Dann is da noch das Ding mit dieser Zusatzversicherung, von der Sonne69 geschrieben hat. In der Leistungsbeschreibung meiner Krankenversicherung steht, daß die Kosten für eine Behandlung nach Überweisung ins Krankenhaus oder so übernommen werden. Bei stationärer Behandlung muß ich 10 € pro Tag zahlen... Mehr als das kann ich mir, ehrlich gesagt, auch nicht leisten! Kann mir das mal jemand vielleicht genauer erklären? Kommen da sonst noch irgendwelche Kosten auf mich zu?

So, das war's eigentlich auch schon... Ich glaube kaum, daß jemand hier eine Alternative zum Gebrauch von Binden kennt! Das find ich ja so eklig! Das is der absolute Horror für mich...

Liebe Grüße

enjoy81

SJonnxe69


Hallo enjoy,

es kommt auf Deinen Job an, wie lange Du krankgeschrieben wirst. Normal sind bei sitzender Tätigkeit so ca. zwei Wochen, solltest Du aber in irgendeiner Art und Weise eine ewas anstrengendere Tätigkeit ausüben, müsstest Du länger krankgeschrieben werden, weil schweres Heben und dergleichen ja untersagt ist. (Ich war z.B. vier Wochen krank geschrieben, bin Flugbegleiterin und eventuelle Blutungen auf Langstreckenflügen machen sich nicht so gut...)

Wenn Du ganz normal gesetzlich versichert sein solltest, musst Du einfach nur die 10 Euro pro Nacht zusätzlich bezahlen, ebenso bei einer gesetzlichen Krankenversicherung + Zusatzversicherung. Bei der Zusatzversicherung ist es dann so, dass Dir alle Rechnungen der Ärzte zugeschickt werden, und Du sie dann an Deine Versicherung weiterschickst und wartest, dass dir von der Versicherung das Geld überwiesen wrid, was dann Deinerseits wieder an die Ärzte qeitergeleitet wird.
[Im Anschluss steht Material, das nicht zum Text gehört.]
(* Let $a_{4,0},a_{2,2},a_{0,4}\geqslant0$ with $a_{4,0}+a_{2,2}>0$, $a_{2,2}+a_{0,4}>0$, let $t\in\mathbb{R}$ and $W_t(x,y)=e^{-(a_{4,0}x^4+a_{2,2}x^2y^2+a_{0,4}y^4)+t(x^2+y^2)}$. Let $\{\mathbb{Q}_n(t)\}_{n\geqslant0}$ be the monic orthogonal polynomial system for $W_t$, with $H_n(t)$ and $E_{n,i}(t)$ as in the context. Then for $n\geqslant0$, $$\dot H_n(t)=V_{n+1}(t)H_n(t),$$ where $V_{n+1}(t)=L_{n,1}E_{n+1,1}(t)+L_{n,2}E_{n+1,2}(t)+E_{n,1}(t)L_{n-1,1}+E_{n,2}(t)L_{n-1,2}$ and the dot denotes derivative with respect to $t$.
   Context: $\mathbb{X}_n=(x^n,x^{n-1}y,\dots,y^n)^T$. $L_{n,1}=(I_{n+1}\,|\,0)$ and $L_{n,2}=(0\,|\,I_{n+1})$ are $(n+1)\times(n+2)$ matrices. Inner product $(f,g)_t=\iint_{\mathbb{R}^2}fgW_t\,dx\,dy$, applied entrywise to vectors. The monic orthogonal polynomial system is the sequence of column vectors $\mathbb{Q}_n(t)=\mathbb{X}_n+(\text{vector of polynomials of total degree}<n)$, coefficients depending on $t$, with $(\mathbb{Q}_n(t),\mathbb{Q}_m(t)^T)_t=0$ for $m\neq n$ and $H_n(t):=(\mathbb{Q}_n(t),\mathbb{Q}_n(t)^T)_t$ symmetric positive definite. It satisfies, for $n\geqslant0$, $x\mathbb{Q}_n(t)=L_{n,1}\mathbb{Q}_{n+1}(t)+E_{n,1}(t)\mathbb{Q}_{n-1}(t)$ and $y\mathbb{Q}_n(t)=L_{n,2}\mathbb{Q}_{n+1}(t)+E_{n,2}(t)\mathbb{Q}_{n-1}(t)$, with $\mathbb{Q}_{-1}=0$, $\mathbb{Q}_0=1$, $E_{n,i}(t)$ of size $(n+1)\times n$ (the terms with $E_{0,i}$ are zero). *)

theory Defs
  imports "HOL-Analysis.Analysis" "Jordan_Normal_Form.Matrix"
begin

definition W :: "real \<Rightarrow> real \<Rightarrow> real \<Rightarrow> real \<Rightarrow> real \<Rightarrow> real \<Rightarrow> real" where
  "W a40 a22 a04 t x y = exp (- (a40 * x^4 + a22 * x^2 * y^2 + a04 * y^4) + t * (x^2 + y^2))"

definition ip :: "real \<Rightarrow> real \<Rightarrow> real \<Rightarrow> real \<Rightarrow> (real \<Rightarrow> real \<Rightarrow> real)
                  \<Rightarrow> (real \<Rightarrow> real \<Rightarrow> real) \<Rightarrow> real" where
  "ip a40 a22 a04 t f g =
     integral\<^sup>L (lborel :: (real \<times> real) measure) (\<lambda>(x, y). f x y * g x y * W a40 a22 a04 t x y)"

definition ip_defined :: "real \<Rightarrow> real \<Rightarrow> real \<Rightarrow> real \<Rightarrow> (real \<Rightarrow> real \<Rightarrow> real)
                  \<Rightarrow> (real \<Rightarrow> real \<Rightarrow> real) \<Rightarrow> bool" where
  "ip_defined a40 a22 a04 t f g =
     integrable (lborel :: (real \<times> real) measure) (\<lambda>(x, y). f x y * g x y * W a40 a22 a04 t x y)"

text \<open>A vector polynomial system: P n i (i = 0..n) is the i-th component of the column
  vector P_n, which equals X_n = (x^n, x^(n-1) y, ..., y^n)^T plus polynomials of total
  degree < n.\<close>
definition monic_vec :: "nat \<Rightarrow> (nat \<Rightarrow> real \<Rightarrow> real \<Rightarrow> real) \<Rightarrow> bool" where
  "monic_vec n P \<longleftrightarrow> (\<exists>c :: nat \<Rightarrow> nat \<Rightarrow> nat \<Rightarrow> real. \<forall>i\<le>n. \<forall>x y.
      P i x y = x ^ (n - i) * y ^ i +
        (\<Sum>j\<le>n. \<Sum>k\<le>n. if j + k < n then c i j k * x ^ j * y ^ k else 0))"

definition Hmat :: "real \<Rightarrow> real \<Rightarrow> real \<Rightarrow> real \<Rightarrow> (nat \<Rightarrow> nat \<Rightarrow> real \<Rightarrow> real \<Rightarrow> real)
                     \<Rightarrow> nat \<Rightarrow> real mat" where
  "Hmat a40 a22 a04 t P n = mat (Suc n) (Suc n) (\<lambda>(i, j). ip a40 a22 a04 t (P n i) (P n j))"

definition sym_pos_def :: "real mat \<Rightarrow> bool" where
  "sym_pos_def A \<longleftrightarrow> A \<in> carrier_mat (dim_row A) (dim_row A) \<and> A\<^sup>T = A \<and>
     (\<forall>v \<in> carrier_vec (dim_row A). v \<noteq> 0\<^sub>v (dim_row A) \<longrightarrow> v \<bullet> (A *\<^sub>v v) > 0)"

definition monic_OPS :: "real \<Rightarrow> real \<Rightarrow> real \<Rightarrow> real \<Rightarrow> (nat \<Rightarrow> nat \<Rightarrow> real \<Rightarrow> real \<Rightarrow> real) \<Rightarrow> bool" where
  "monic_OPS a40 a22 a04 t P \<longleftrightarrow>
     (\<forall>n. monic_vec n (P n)) \<and>
     (\<forall>n m i j. i \<le> n \<longrightarrow> j \<le> m \<longrightarrow> ip_defined a40 a22 a04 t (P n i) (P m j)) \<and>
     (\<forall>n m i j. n \<noteq> m \<longrightarrow> i \<le> n \<longrightarrow> j \<le> m \<longrightarrow> ip a40 a22 a04 t (P n i) (P m j) = 0) \<and>
     (\<forall>n. sym_pos_def (Hmat a40 a22 a04 t P n))"

text \<open>Lmat r k: for r = n+1 this is L_{n,k} ((n+1) x (n+2)); k = 1 gives (I | 0), k = 2 gives (0 | I).
  Lmat 0 k is the empty 0 x 1 matrix (L_{-1,k}).\<close>
definition Lmat :: "nat \<Rightarrow> nat \<Rightarrow> real mat" where
  "Lmat r k = mat r (Suc r) (\<lambda>(i, j). if (k = 1 \<and> j = i) \<or> (k = 2 \<and> j = Suc i) then 1 else 0)"

text \<open>Three-term relations: x Q_n = L_{n,1} Q_{n+1} + E_{n,1} Q_{n-1},
  y Q_n = L_{n,2} Q_{n+1} + E_{n,2} Q_{n-1}, written componentwise, with E n k of size (n+1) x n
  (so the E-term vanishes for n = 0).\<close>
definition three_term :: "(nat \<Rightarrow> nat \<Rightarrow> real \<Rightarrow> real \<Rightarrow> real) \<Rightarrow> (nat \<Rightarrow> nat \<Rightarrow> real mat) \<Rightarrow> bool" where
  "three_term P E \<longleftrightarrow>
     (\<forall>n k. (k = 1 \<or> k = 2) \<longrightarrow> E n k \<in> carrier_mat (Suc n) n) \<and>
     (\<forall>n i x y. i \<le> n \<longrightarrow>
        x * P n i x y = (\<Sum>j\<le>Suc n. Lmat (Suc n) 1 $$ (i, j) * P (Suc n) j x y)
                        + (\<Sum>j<n. E n 1 $$ (i, j) * P (n - 1) j x y)) \<and>
     (\<forall>n i x y. i \<le> n \<longrightarrow>
        y * P n i x y = (\<Sum>j\<le>Suc n. Lmat (Suc n) 2 $$ (i, j) * P (Suc n) j x y)
                        + (\<Sum>j<n. E n 2 $$ (i, j) * P (n - 1) j x y))"

definition Vmat :: "(nat \<Rightarrow> nat \<Rightarrow> real mat) \<Rightarrow> nat \<Rightarrow> real mat" where
  "Vmat E n = Lmat (Suc n) 1 * E (Suc n) 1 + Lmat (Suc n) 2 * E (Suc n) 2
              + E n 1 * Lmat n 1 + E n 2 * Lmat n 2"

end

theory Submission
  imports Defs
begin

text \<open>
  Write \<open>Q\<^sub>n(t) = Q\<^sub>n(s) + \<alpha>\<close> componentwise, where \<open>\<alpha>\<close> has degree \<open>< n\<close>. By orthogonality,
  \<open>H\<^sub>n(s) = (Q\<^sub>n(t), Q\<^sub>n(t)\<^sup>T)\<^sub>s - (\<alpha>, \<alpha>\<^sup>T)\<^sub>s\<close>. Since \<open>\<partial>\<^sub>t W\<^sub>t = (x\<^sup>2 + y\<^sup>2) W\<^sub>t\<close>, the first term
  is differentiable at \<open>s = t\<close> with derivative \<open>((x\<^sup>2 + y\<^sup>2) Q\<^sub>n(t), Q\<^sub>n(t)\<^sup>T)\<^sub>t\<close>, while the
  second is \<open>O((s - t)\<^sup>2)\<close>: orthogonality gives \<open>(\<alpha>, \<alpha>)\<^sub>s = (Q\<^sub>n(t), \<alpha>)\<^sub>s - (Q\<^sub>n(t), \<alpha>)\<^sub>t\<close>,
  and AM-GM bounds this by \<open>(\<alpha>, \<alpha>)\<^sub>s / 2 + O((s - t)\<^sup>2)\<close>. Finally
  \<open>(x\<^sup>2 + y\<^sup>2) Q\<^sub>n = x (x Q\<^sub>n) + y (y Q\<^sub>n)\<close>, and applying the three-term relations to both
  factors turns the derivative into \<open>V\<^sub>n\<^sub>+\<^sub>1 H\<^sub>n\<close>.

  Integrability of every polynomial against \<open>W\<^sub>s\<close> is not proved analytically: the three-term
  relations express each polynomial as a combination of the \<open>Q\<^sub>k(s)\<close>, whose products are
  integrable by hypothesis.
\<close>

lemma has_real_derivative_if_quadratic_remainder:
  fixes F :: "real \<Rightarrow> real"
  assumes "\<delta> > 0"
    and remainder: "\<And>s. \<bar>s - t\<bar> \<le> \<delta> \<Longrightarrow> \<bar>F s - F t - (s - t) * D\<bar> \<le> C * (s - t)^2"
  shows "(F has_real_derivative D) (at t)"
proof -
  have "\<forall>\<^sub>F s in at t. norm ((F s - F t) / (s - t) - D) \<le> \<bar>C\<bar> * \<bar>s - t\<bar>"
    unfolding eventually_at
  proof (intro exI[of _ \<delta>] conjI ballI impI)
    fix s assume "s \<noteq> t \<and> dist s t < \<delta>"
    then have ne: "s - t \<noteq> 0" and le: "\<bar>s - t\<bar> \<le> \<delta>" by (auto simp: dist_real_def)
    have "norm ((F s - F t) / (s - t) - D) = \<bar>F s - F t - (s - t) * D\<bar> / \<bar>s - t\<bar>"
      using ne by (simp add: field_simps flip: abs_divide)
    also have "\<dots> \<le> C * (s - t)^2 / \<bar>s - t\<bar>"
      using remainder[OF le] by (simp add: divide_right_mono)
    also have "\<dots> = C * \<bar>s - t\<bar>"
      using ne by (simp add: power2_eq_square field_simps abs_mult_self_eq)
    also have "\<dots> \<le> \<bar>C\<bar> * \<bar>s - t\<bar>" by (simp add: mult_right_mono)
    finally show "norm ((F s - F t) / (s - t) - D) \<le> \<bar>C\<bar> * \<bar>s - t\<bar>" .
  qed (use assms in auto)
  moreover have "((\<lambda>s. \<bar>C\<bar> * \<bar>s - t\<bar>) \<longlongrightarrow> 0) (at t)"
    by (auto intro!: tendsto_eq_intros)
  ultimately have "((\<lambda>s. (F s - F t) / (s - t) - D) \<longlongrightarrow> 0) (at t)"
    by (rule Lim_null_comparison)
  then show ?thesis by (simp add: has_field_derivative_iff LIM_zero_iff)
qed

lemma abs_mult_le_weighted_squares:
  fixes p q d w :: real
  assumes "w > 0"
  shows "\<bar>p * q * d\<bar> \<le> (q^2 * w + p^2 * d^2 / w) / 2"
proof -
  have "2 * \<bar>p * q * d\<bar> * w \<le> q^2 * w^2 + p^2 * d^2"
    using sum_squares_bound[of "\<bar>q\<bar> * w" "\<bar>p * d\<bar>"] assms
    by (simp add: power2_eq_square abs_mult algebra_simps)
  then show ?thesis using assms by (simp add: field_simps power2_eq_square)
qed

lemma exp_minus_one_sq_div_exp_le: "(exp z - 1)^2 / exp z \<le> z^2 * exp \<bar>z\<bar>" for z :: real
proof (cases "z \<ge> 0")
  case True
  have "1 - z \<le> exp (- z)" using exp_ge_add_one_self[of "- z"] by simp
  then have "exp z - 1 \<le> z * exp z" by (simp add: exp_minus field_simps)
  then have "(exp z - 1)^2 \<le> (z * exp z)^2" using True by (intro power_mono) auto
  then show ?thesis using True by (simp add: power2_eq_square field_simps)
next
  case False
  have "1 - exp z \<le> - z" using exp_ge_add_one_self[of z] by linarith
  then have "(1 - exp z)^2 \<le> (- z)^2" using False by (intro power_mono) auto
  then have "(exp z - 1)^2 \<le> z^2 * exp \<bar>z\<bar> * exp z"
    using False by (simp add: exp_minus power2_commute field_simps)
  then show ?thesis by (simp add: divide_le_eq)
qed

lemma abs_exp_minus_one_minus_le: "\<bar>exp z - 1 - z\<bar> \<le> z^2 * exp \<bar>z\<bar>" for z :: real
proof -
  have "1 - z \<le> exp (- z)" using exp_ge_add_one_self[of "- z"] by simp
  then have "exp z - 1 \<le> z * exp z" by (simp add: exp_minus field_simps)
  have "exp z - 1 - z \<le> z^2 * exp \<bar>z\<bar>"
  proof (cases "z \<ge> 0")
    case True
    have "exp z - 1 - z \<le> z * (exp z - 1)"
      using \<open>exp z - 1 \<le> z * exp z\<close> by (simp add: algebra_simps)
    also have "\<dots> \<le> z * (z * exp z)" using \<open>exp z - 1 \<le> z * exp z\<close> True by (rule mult_left_mono)
    also have "\<dots> = z^2 * exp \<bar>z\<bar>" using True by (simp add: power2_eq_square)
    finally show ?thesis .
  next
    case False
    have "exp z - 1 - z \<le> (- z) * (1 - exp z)"
      using \<open>exp z - 1 \<le> z * exp z\<close> by (simp add: algebra_simps)
    also have "\<dots> \<le> (- z) * (- z)"
      using False exp_ge_add_one_self[of z] by (intro mult_left_mono) linarith+
    also have "\<dots> \<le> z^2 * exp \<bar>z\<bar>"
      using mult_left_mono[of 1 "exp \<bar>z\<bar>" "z^2"] by (simp add: power2_eq_square)
    finally show ?thesis .
  qed
  moreover have "0 \<le> exp z - 1 - z" using exp_ge_add_one_self[of z] by linarith
  ultimately show ?thesis by simp
qed

section \<open>The weight and its inner product\<close>

lemma W_pos: "0 < W a b c t x y"
  by (simp add: W_def)

lemma W_eq_mult_exp: "W a b c s x y = W a b c t x y * exp ((s - t) * (x^2 + y^2))"
  unfolding W_def by (simp add: algebra_simps flip: exp_add)

lemma W_mult_exp_abs_le:
  assumes "\<bar>s - t\<bar> \<le> \<delta>"
  shows "W a b c t x y * exp \<bar>(s - t) * (x^2 + y^2)\<bar> \<le> W a b c (t + \<delta>) x y"
proof -
  have "\<bar>(s - t) * (x^2 + y^2)\<bar> \<le> \<delta> * (x^2 + y^2)"
    using assms by (simp add: abs_mult mult_right_mono)
  then show ?thesis
    using W_eq_mult_exp[of a b c "t + \<delta>" x y t] W_pos[of a b c t x y] by simp
qed

lemma W_diff_sq_div_le:
  assumes "\<bar>s - t\<bar> \<le> \<delta>"
  shows "(W a b c s x y - W a b c t x y)^2 / W a b c s x y
    \<le> (s - t)^2 * (x^2 + y^2)^2 * W a b c (t + \<delta>) x y"
proof -
  define u where "u = (s - t) * (x^2 + y^2)"
  define w where "w = W a b c t x y"
  have "w > 0" by (simp add: w_def W_pos)
  have "(W a b c s x y - W a b c t x y)^2 / W a b c s x y = w * ((exp u - 1)^2 / exp u)"
    unfolding W_eq_mult_exp[of a b c s x y t] u_def[symmetric] w_def[symmetric]
    using \<open>w > 0\<close> by (simp add: power2_eq_square field_simps)
  also have "\<dots> \<le> w * (u^2 * exp \<bar>u\<bar>)"
    using \<open>w > 0\<close> exp_minus_one_sq_div_exp_le by (intro mult_left_mono) auto
  also have "\<dots> \<le> u^2 * W a b c (t + \<delta>) x y"
    using mult_left_mono[OF W_mult_exp_abs_le[OF assms, of a b c x y], of "u^2"]
    by (simp add: u_def w_def mult_ac)
  finally show ?thesis by (simp add: u_def power_mult_distrib)
qed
Vereinfacht gesagt: Du musst nichts zusätzlich bezahlen.

Alternativ zu Binden kenne ich bei dieser Sache auch nichts anderes, aber nach ein paar Tagen kannst Du immerhin auf Slipeinlagen umsteigen. Naja, schön ist anders, aber auch das geht vorbei...!

Grüsse, Sonne

e[njo^y81


Konisation gut überstanden

Hallo zusammen!

Hatte am Donnerstag meine Koni. Is alles gut verlaufen und ich wollte eigentlich schon am Freitag wieder nach Hause, weil's mir echt gut ging und ich keine Blutungen hatte geschweige denn Schmerzen. Der Dok meinte aber ich muß bis Sonntag bleiben. Hätte durchdrehen können! Es war furchtbar im Krankenhaus. Kein anderer Patient auf'm Zimmer, kein TV... Das Essen brauch ich wohl nicht zu erwähnen...

Samstag hab ich gesagt, ich will gehen. Auch wenn ich dafür unterschreiben muß. Der Dok sagte, das geht in Ordnung. Bei mir ist alles richtig gut verlaufen. Selbst bei der OP habe ich kaum geblutet und jetzt hab ich immernoch nur so einen Wundfluß oder wie die dat schimpfen... Hab mich also ganz umsonst so verrückt gemacht...

Natürlich muß ich mich nun noch schonen, aber das kann ich hier zuhaus nunmal besser als im Krankenhaus. Ich habe auch kaum Schmerzen. Das "zwickt und zwackt" nur ab und zu, halt wie bei der Periode...

Am kommenden Donnerstag hab ich den Termin zur Nachuntersuchung beim Frauenarzt. Da bekomm ich dann auch die Ergebnisse... Das macht mich momentan noch etwas kirre, aber es geht...

Zur OP selber kann ich eigentlich nur sagen, daß für mich die Narkose am schlimmsten war! Ich bekam das Mittel gespritzt und plötzlich wurd mich ganz komisch und bekam Panik. Aber dann weiß ich auch schon nix mehr ;-)

Als ich wieder aufwachte, hatte ich unheimlich Durst und ich mußte ständig husten! Is das normal, daß man intubiert wird? Davon wurd mir nämlich vorher nix gesagt. Aber wenn ich im nachhinein über die Wirkung der Narkose und meine Panik nachdenke, glaub ich das is normal. Hatte echt Beklemmungen und hatte das Gefühl keine Luft mehr zu bekommen...

Naja, nun ware ich erstmal ab, laß mich bedienen und genieße erstmal die Ruhe hier! Ich bin froh, daß alles gutgegangen is und hoffe, ich muß das so schnell nicht wieder machen lassen. Die OP-Schwester erzählte mir, sie mußte bereits 3 Mal zu Koni... Eine grausame Vorstellung. Hoffe, die Ergebnisse sind gut und die haben alles wegbekommen und nix vergessen und da war nix böses mit dabei...

Liebe Grüße

Nadine

Sgummepr09


PAP IV a

Habe heute das Ergebnis PAP IV a bekommen, und bin noch ziemlich geschockt. Aber es ist schon etwas beruhigend die anderen Berichte hier im Forum zu lesen.

Naja, mal sehen wie es jetzt weitergeht.